4pr0n / ripme

Downloads albums in bulk
MIT License
918 stars 204 forks source link

Chevereto Image Hosting Script Support #433

Open ghost opened 7 years ago

ghost commented 7 years ago

Hi Guys,

It would be awesome if RipMe could fully support image hosting websites which utilize Chevereto (www.chevereto.com) for their hosting software/script.

Chevereto currently supports JPG, PNG, BMP & GIF

Chevereto does provide a list of all direct image links contained in an album via the "embed codes" tab when viewing a album, however viewing the embed codes it typically limited to logged in users.

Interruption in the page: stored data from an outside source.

(* Let $D$ be any continuous distribution on $\mathbb{R}^d$ whose probability density function depends only on the distance from the origin. Then there is a noisy distribution $\tilde D$ over $\mathbb{R}^d\times\{-1,1\}$ with marginal $D$ that satisfies the Massart noise condition $|\Pr(y=1\mid\vec x)-\Pr(y=-1\mid\vec x)|\ge\beta$ for all $\vec x$, for some parameter $\beta>0$, with Bayes optimal classifier a homogeneous halfspace $\vec w^*$, such that the \textsf{Average} algorithm returns a classifier $\vec w$ with excess error $\mathrm{err}_{\tilde D}(\vec w)-\mathrm{err}_{\tilde D}(\vec w^* )=\Omega\!\left(\frac{\beta(1-\beta)}{1+\beta}\right)$.
   Context: The \textsf{Average} algorithm, given labeled samples $(\vec x^1,y^1),\dots,(\vec x^m,y^m)$, returns the vector $\frac1m\sum_{i=1}^m y^i\vec x^i$, interpreted as the halfspace $\mathrm{sign}(\vec w\cdot\vec x)$; in the statement, $\vec w$ is the expected vector returned, $\mathbb{E}_{(\vec x,y)\sim\tilde D}[y\vec x]$. $\mathrm{err}_{\tilde D}(\vec w)=\Pr_{(\vec x,y)\sim\tilde D}[\mathrm{sign}(\vec w\cdot\vec x)\ne y]$. *)

theory Defs
  imports "HOL-Probability.Probability"
begin

text \<open>Euclidean space R^d, with points represented as functions nat => real
  (coordinates 0..d-1, extensional), equipped with Lebesgue measure (product of lborel).\<close>
definition euc :: "nat \<Rightarrow> (nat \<Rightarrow> real) measure" where
  "euc d = PiM {..<d} (\<lambda>_. lborel)"

definition ip :: "nat \<Rightarrow> (nat \<Rightarrow> real) \<Rightarrow> (nat \<Rightarrow> real) \<Rightarrow> real" where
  "ip d w x = (\<Sum>i<d. w i * x i)"

definition enorm :: "nat \<Rightarrow> (nat \<Rightarrow> real) \<Rightarrow> real" where
  "enorm d x = sqrt (\<Sum>i<d. (x i)^2)"

definition radial_continuous_dist :: "nat \<Rightarrow> (nat \<Rightarrow> real) measure \<Rightarrow> bool" where
  "radial_continuous_dist d D \<longleftrightarrow> prob_space D \<and>
     (\<exists>f g. f \<in> borel_measurable (euc d) \<and>
            (\<forall>x\<in>space (euc d). f x = g (enorm d x)) \<and>
            D = density (euc d) f)"

definition noisy_dist :: "(nat \<Rightarrow> real) measure \<Rightarrow> ((nat \<Rightarrow> real) \<Rightarrow> real)
     \<Rightarrow> ((nat \<Rightarrow> real) \<times> real) measure" where
  "noisy_dist D \<eta> = density (D \<Otimes>\<^sub>M count_space {-1, 1::real})
      (\<lambda>(x, y). ennreal (if y = 1 then \<eta> x else 1 - \<eta> x))"

definition err :: "((nat \<Rightarrow> real) \<times> real) measure \<Rightarrow> ((nat \<Rightarrow> real) \<Rightarrow> real) \<Rightarrow> real" where
  "err N h = measure N {p \<in> space N. h (fst p) \<noteq> snd p}"

definition hs_err :: "nat \<Rightarrow> ((nat \<Rightarrow> real) \<times> real) measure \<Rightarrow> (nat \<Rightarrow> real) \<Rightarrow> real" where
  "hs_err d N w = err N (\<lambda>x. sgn (ip d w x))"

text \<open>Expected output of the Average algorithm: E[y x].\<close>
definition average_vec :: "nat \<Rightarrow> ((nat \<Rightarrow> real) \<times> real) measure \<Rightarrow> (nat \<Rightarrow> real)" where
  "average_vec d N = (\<lambda>i. if i < d then (\<integral>p. snd p * fst p i \<partial>N) else 0)"

end

theory Submission
  imports Defs
begin

text \<open>Label \<open>x\<close> by the sign of \<open>x 0\<close>, flipped with probability \<open>(1 - \<beta>) / 2\<close> except on the two
  quadrants where \<open>x 0 * x 1 > 0\<close>, where it is never flipped. The first axis is then Bayes optimal,
  but the noiseless quadrants tilt the correlation vector: by the reflection and swap symmetries of a
  radial distribution, \<open>E[y x] = A ((1 + \<beta>) e\<^sub>0 + (1 - \<beta>) e\<^sub>1)\<close> with \<open>A \<ge> 0\<close>. Its halfspace
  misclassifies the wedge \<open>x 0 \<le> 0 < x 1, - x 0 \<le> r x 1\<close>, \<open>r = (1 - \<beta>) / (1 + \<beta>)\<close>, where the
  noise rate is \<open>(1 - \<beta>) / 2\<close>, losing \<open>\<beta>\<close> on each of its points. Rotations are products of three
  shears, so they preserve Lebesgue measure and hence the radial distribution; since about \<open>5 / r\<close>
  rotated copies of the wedge cover a quadrant, which has mass \<open>1 / 4\<close>, the wedge has mass at
  least \<open>r / 20\<close>.\<close>

section \<open>Measure-preserving maps of the plane\<close>

abbreviation lborel2 :: "(real \<times> real) measure" where
  "lborel2 \<equiv> lborel \<Otimes>\<^sub>M lborel"

definition lborel2_preserving :: "(real \<times> real \<Rightarrow> real \<times> real) \<Rightarrow> bool" where
  "lborel2_preserving T \<longleftrightarrow> T \<in> lborel2 \<rightarrow>\<^sub>M lborel2 \<and> distr lborel2 lborel2 T = lborel2"

lemma lborel2_preserving_comp:
  "lborel2_preserving T \<Longrightarrow> lborel2_preserving S \<Longrightarrow> lborel2_preserving (S \<circ> T)"
  unfolding lborel2_preserving_def by (metis distr_distr measurable_comp)

lemma lborel2_preserving_swap: "lborel2_preserving (\<lambda>(a, b). (b, a))"
  unfolding lborel2_preserving_def
  by (simp add: measurable_pair_swap' lborel_pair.distr_pair_swap[symmetric])

lemma lborel2_preserving_conj_swap:
  assumes "lborel2_preserving T"
  shows "lborel2_preserving (\<lambda>(a, b). prod.swap (T (b, a)))"
proof -
  have "(\<lambda>(a, b). prod.swap (T (b, a))) = (\<lambda>(a, b). (b, a)) \<circ> T \<circ> (\<lambda>(a, b). (b, a))"
    by (simp add: fun_eq_iff case_prod_beta prod.swap_def)
  then show ?thesis
    using assms by (simp only:) (intro lborel2_preserving_comp lborel2_preserving_swap)
qed

lemma lborel2_preservingI:
  assumes T: "T \<in> lborel2 \<rightarrow>\<^sub>M lborel2"
    and eq: "\<And>A. A \<in> sets lborel2 \<Longrightarrow> (\<integral>\<^sup>+ p. indicator A (T p) \<partial>lborel2) = emeasure lborel2 A"
  shows "lborel2_preserving T"
  unfolding lborel2_preserving_def
proof (intro conjI T measure_eqI)
  fix A assume "A \<in> sets (distr lborel2 lborel2 T)"
  then have A: "A \<in> sets lborel2" by simp
  have "emeasure (distr lborel2 lborel2 T) A = (\<integral>\<^sup>+ p. indicator A p \<partial>distr lborel2 lborel2 T)"
    using A by simp
  also have "\<dots> = (\<integral>\<^sup>+ p. indicator A (T p) \<partial>lborel2)"
    using A T by (intro nn_integral_distr) auto
  finally show "emeasure (distr lborel2 lborel2 T) A = emeasure lborel2 A"
    using eq[OF A] by simp
qed simp

text \<open>Fubini reduces this to the translation and reflection invariance of \<open>lborel\<close>.\<close>
lemma lborel2_preserving_affine_fst:
  assumes c: "\<bar>c\<bar> = 1"
  shows "lborel2_preserving (\<lambda>(a, b). (c * a + t * b, b))"
proof (rule lborel2_preservingI)
  show T: "(\<lambda>(a, b). (c * a + t * b, b)) \<in> lborel2 \<rightarrow>\<^sub>M lborel2" by measurable
  fix A assume A: "A \<in> sets lborel2"
  have "(\<integral>\<^sup>+ p. indicator A ((\<lambda>(a, b). (c * a + t * b, b)) p) \<partial>lborel2)
      = (\<integral>\<^sup>+ b. (\<integral>\<^sup>+ a. indicator A (c * a + t * b, b) \<partial>lborel) \<partial>lborel)"
    using A by (subst lborel_pair.nn_integral_snd[symmetric]) (auto simp: case_prod_beta')
  also have "\<dots> = (\<integral>\<^sup>+ b. (\<integral>\<^sup>+ a. indicator A (a, b) \<partial>lborel) \<partial>lborel)"
  proof (rule nn_integral_cong)
    fix b :: real
    have "(\<lambda>a. indicator A (a, b) :: ennreal) \<in> borel_measurable borel"
      using A by measurable
    from nn_integral_real_affine[OF this, of c "t * b"] c
    show "(\<integral>\<^sup>+ a. indicator A (c * a + t * b, b) \<partial>lborel) = (\<integral>\<^sup>+ a. indicator A (a, b) \<partial>lborel)"
      by (simp add: add.commute)
  qed
  also have "\<dots> = emeasure lborel2 A"
    using A by (subst lborel_pair.nn_integral_snd) auto
  finally show "(\<integral>\<^sup>+ p. indicator A ((\<lambda>(a, b). (c * a + t * b, b)) p) \<partial>lborel2) = emeasure lborel2 A" .
qed

lemma lborel2_preserving_affine_snd:
  "\<bar>c\<bar> = 1 \<Longrightarrow> lborel2_preserving (\<lambda>(a, b). (a, c * b + t * a))"
  using lborel2_preserving_conj_swap[OF lborel2_preserving_affine_fst, of c t]
  by (simp add: case_prod_beta')

text \<open>A rotation is a product of three shears.\<close>
lemma lborel2_preserving_rotation:
  assumes cs: "c\<^sup>2 + s\<^sup>2 = 1"
  shows "lborel2_preserving (\<lambda>(a, b). (c * a + s * b, c * b - s * a))"
proof (cases "s = 0")
  case True
  then have "\<bar>c\<bar> = 1" using cs by (simp add: abs_square_eq_1)
  moreover have "(\<lambda>(a, b). (c * a + s * b, c * b - s * a)) =
      (\<lambda>(a, b). (c * a + 0 * b, b)) \<circ> (\<lambda>(a, b). (a, c * b + 0 * a))"
    using True by auto
  ultimately show ?thesis
    by (simp only:) (intro lborel2_preserving_comp lborel2_preserving_affine_fst lborel2_preserving_affine_snd)
next
  case False
  define t where "t = (c - 1) / s"
  have ts: "t * s = c - 1" using False by (simp add: t_def)
  have tts: "2 * t + t * t * s = - s"
  proof -
    have "2 * t + t * t * s = 2 * t + t * (t * s)" by (simp add: mult.assoc)
    also have "\<dots> = t * (c + 1)" unfolding ts by (simp add: algebra_simps)
    also have "\<dots> = (c * c - 1) / s" by (simp add: t_def algebra_simps)
    also have "\<dots> = - s" using cs False by (simp add: power2_eq_square field_simps)
    finally show ?thesis .
  qed
  have "(\<lambda>(a, b). (c * a + s * b, c * b - s * a)) =
      (\<lambda>(a, b). (1 * a + (- t) * b, b)) \<circ> (\<lambda>(a, b). (a, 1 * b + (- s) * a)) \<circ> (\<lambda>(a, b). (1 * a + (- t) * b, b))"
  proof (rule ext, clarsimp)
    fix a b :: real
    have "a - t * b - t * (b - s * (a - t * b)) = a * (1 + t * s) - b * (2 * t + t * t * s)"
      by (simp add: algebra_simps)
    moreover have "b - s * (a - t * b) = b * (1 + t * s) - s * a"
      by (simp add: algebra_simps)
    ultimately show "c * a + s * b = a - t * b - t * (b - s * (a - t * b)) \<and> c * b - s * a = b - s * (a - t * b)"
      using ts tts by simp
  qed
  then show ?thesis
    by (simp only:) (intro lborel2_preserving_comp lborel2_preserving_affine_fst lborel2_preserving_affine_snd; simp)
qed

definition planar_symmetry :: "(real \<times> real \<Rightarrow> real \<times> real) \<Rightarrow> bool" where
  "planar_symmetry T \<longleftrightarrow> lborel2_preserving T \<and> (\<forall>p. norm (T p) = norm p)"

definition rotation2 :: "real \<Rightarrow> real \<times> real \<Rightarrow> real \<times> real" where
  "rotation2 \<alpha> = (\<lambda>(a, b). (cos \<alpha> * a + sin \<alpha> * b, cos \<alpha> * b - sin \<alpha> * a))"

lemma planar_symmetry_rotation2: "planar_symmetry (rotation2 \<alpha>)"
proof -
  have "(cos \<alpha> * a + sin \<alpha> * b)\<^sup>2 + (cos \<alpha> * b - sin \<alpha> * a)\<^sup>2 = a\<^sup>2 + b\<^sup>2" for a b
    using sin_cos_squared_add[of \<alpha>] by algebra
  then show ?thesis
    unfolding planar_symmetry_def rotation2_def
    by (auto simp: norm_Pair lborel2_preserving_rotation)
qed

lemma planar_symmetry_reflection:
  assumes "\<bar>s\<bar> = 1" "\<bar>t\<bar> = 1"
  shows "planar_symmetry (\<lambda>(a, b). (s * a, t * b))"
proof -
  have "(\<lambda>(a, b). (s * a, t * b)) = (\<lambda>(a, b). (s * a + 0 * b, b)) \<circ> (\<lambda>(a, b). (a, t * b + 0 * a))"
    by auto
  then have "lborel2_preserving (\<lambda>(a, b). (s * a, t * b))"
    using assms by (simp only:) (intro lborel2_preserving_comp lborel2_preserving_affine_fst lborel2_preserving_affine_snd)
  then show ?thesis
    using assms by (auto simp: planar_symmetry_def norm_Pair abs_mult)
qed

lemma planar_symmetry_swap: "planar_symmetry (\<lambda>(a, b). (b, a))"
  by (auto simp: planar_symmetry_def lborel2_preserving_swap norm_Pair add.commute)

section \<open>Planar maps acting on two coordinates of \<open>euc d\<close>\<close>

definition plane_map :: "nat \<Rightarrow> nat \<Rightarrow> (real \<times> real \<Rightarrow> real \<times> real) \<Rightarrow> (nat \<Rightarrow> real) \<Rightarrow> nat \<Rightarrow> real" where
  "plane_map j k T x = x(j := fst (T (x j, x k)), k := snd (T (x j, x k)))"

lemma plane_map_fun_upd:
  "j \<noteq> k \<Longrightarrow> plane_map j k T (z(j := a, k := b)) = z(j := fst (T (a, b)), k := snd (T (a, b)))"
  by (simp add: plane_map_def fun_upd_twist)

lemma space_euc: "space (euc d) = (\<Pi>\<^sub>E i\<in>{..<d}. UNIV)"
  by (simp add: euc_def space_PiM)

lemma euc_coordinate_measurable[measurable]: "i < d \<Longrightarrow> (\<lambda>x. x i) \<in> borel_measurable (euc d)"
  unfolding euc_def by (simp add: measurable_lborel2[symmetric] measurable_component_singleton)

lemma fun_upd_in_space_euc: "x \<in> space (euc d) \<Longrightarrow> i < d \<Longrightarrow> x(i := v) \<in> space (euc d)"
  by (auto simp: space_euc PiE_def extensional_def)

lemma plane_map_in_space_euc:
  "x \<in> space (euc d) \<Longrightarrow> j < d \<Longrightarrow> k < d \<Longrightarrow> plane_map j k T x \<in> space (euc d)"
  by (simp add: plane_map_def fun_upd_in_space_euc)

As such, it would likely require RipMe to support the ability to authenticate with a website powered by Chevereto in order to grab the links via that method.

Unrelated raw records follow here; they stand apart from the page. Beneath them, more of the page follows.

lemma submatrix_Gm_eq_Cm:
  assumes Z: "Z \<in> carrier_mat n m" and S: "S \<in> carrier_mat m m"
    and I: "I \<subseteq> {..<n}" and J: "J \<subseteq> {..<n}" and disj: "I \<inter> J = {}"
  shows "submatrix (Gm Z S) I J = submatrix (Cm Z S s) I J"
proof (rule eq_matI)
  note G = Gm_carrier[OF Z S] and C = Cm_carrier[OF Z S, of s]
  show "dim_row (submatrix (Gm Z S) I J) = dim_row (submatrix (Cm Z S s) I J)"
    "dim_col (submatrix (Gm Z S) I J) = dim_col (submatrix (Cm Z S s) I J)"
    using submatrix_carrier_mat[OF G I J] submatrix_carrier_mat[OF C I J] by auto
  fix a b assume "a < dim_row (submatrix (Cm Z S s) I J)" "b < dim_col (submatrix (Cm Z S s) I J)"
  then have ab: "a < card I" "b < card J" using submatrix_carrier_mat[OF C I J] by auto
  have "pick I a \<noteq> pick J b" using pick_less(1)[OF I ab(1)] pick_less(1)[OF J ab(2)] disj by auto
  then show "submatrix (Gm Z S) I J $$ (a,b) = submatrix (Cm Z S s) I J $$ (a,b)"
    using G Z pick_less(2)[OF I ab(1)] pick_less(2)[OF J ab(2)]
    unfolding submatrix_index_pick[OF G I J ab] submatrix_index_pick[OF C I J ab] by (simp add: Cm_def)
qed

lemma Dsc_pos:
  fixes Z S :: "real mat"
  assumes Z: "Z \<in> carrier_mat n m" and S: "S \<in> carrier_mat m m"
    and psd: "\<And>x. x \<in> carrier_vec m \<Longrightarrow> 0 \<le> x \<bullet> (S *\<^sub>v x)" and "s > 0"
    and I: "N i \<subseteq> {..<n}" and i: "i < n" "i \<notin> N i"
  shows "0 < Dsc Z S s N i"
proof -
  have si: "{i} \<subseteq> {..<n}" using i by auto
  have "Dsc Z S s N i = Cm Z S s $$ (i,i)
      - (submatrix (Cm Z S s) {i} (N i) * CNinv Z S s N i * submatrix (Cm Z S s) (N i) {i}) $$ (0,0)"
    using submatrix_Gm_eq_Cm[OF Z S si I, of s] submatrix_Gm_eq_Cm[OF Z S I si, of s] i
    by (simp add: Dsc_def Avec_def)
  then show ?thesis
    using schur_complement_pos[OF Cm_carrier[OF Z S] I i \<open>s > 0\<close> Cm_coercive[OF Z S psd]
        CNinv_inverse[where N=N and i=i, OF Z S psd \<open>s > 0\<close> I]] by simp
qed

section \<open>Derivatives along a parameter path\<close>

text \<open>The derivatives of \<open>A\<^sub>i\<close> and \<open>D\<^sub>i\<close> along a path \<open>t \<mapsto> (\<Sigma>(t), \<sigma>\<^sup>2(t))\<close> with velocity
  \<open>(S', s')\<close>: the velocities of \<open>Z\<Sigma>Z\<^sup>T\<close> and \<open>C\<close> are \<open>Gm Z S'\<close> and \<open>Cm Z S' s'\<close>.\<close>

definition dA_path :: "real mat \<Rightarrow> real mat \<Rightarrow> real mat \<Rightarrow> real \<Rightarrow> real \<Rightarrow> (nat \<Rightarrow> nat set) \<Rightarrow> nat \<Rightarrow> real mat" where
  "dA_path Z S S' s s' N i = submatrix (Gm Z S') {i} (N i) * CNinv Z S s N i
     - submatrix (Gm Z S) {i} (N i) * CNinv Z S s N i * submatrix (Cm Z S' s') (N i) (N i) * CNinv Z S s N i"

definition dD_path :: "real mat \<Rightarrow> real mat \<Rightarrow> real mat \<Rightarrow> real \<Rightarrow> real \<Rightarrow> (nat \<Rightarrow> nat set) \<Rightarrow> nat \<Rightarrow> real" where
  "dD_path Z S S' s s' N i = Cm Z S' s' $$ (i,i)
     - (dA_path Z S S' s s' N i * submatrix (Gm Z S) (N i) {i}) $$ (0,0)
     - (Avec Z S s N i * submatrix (Gm Z S') (N i) {i}) $$ (0,0)"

An alternative method would be to view the page with all the images listed and then alter the URL grabbing the original media as opposed to the thumbnail.

Example:

Image: https://is02.ezphotoshare.com/2017/01/14/KXUlyU.png Thumbnail: https://is02.ezphotoshare.com/2017/01/14/KXUlyU.th.png Medium Thumbnail: https://is02.ezphotoshare.com/2017/01/14/KXUlyU.md.png

When viewing the content you would typically see the medium size by default, however by changing the URL slightly should be able to grab the actual full size media.

Desired Support:

Example:

Album Page: https://www.ezphotoshare.com/album/TDta User's Albums Page: https://www.ezphotoshare.com/doreentokamumzeo/albums

I do own Chevereto and have several sites running, happy to help anyway I am able.

Thanks!

cyian-1756 commented 7 years ago

Taking a quick look at the links you provided ripping the sites should be easy (all the images have their own class and link) and finding that it is a chevereto site should be easily (the line appears in them)

However atm ripme uses the domain name to tell if it can rip a site, I could bypass this by making a request to the url when the user enters it but I feel that this is poor behavior (No data should be sent or received until the user clicks rip)

A work around might be to use a list of site names now to use chevereto (like ChanRipper.java does) and I feel that this is the best way to do it (for now)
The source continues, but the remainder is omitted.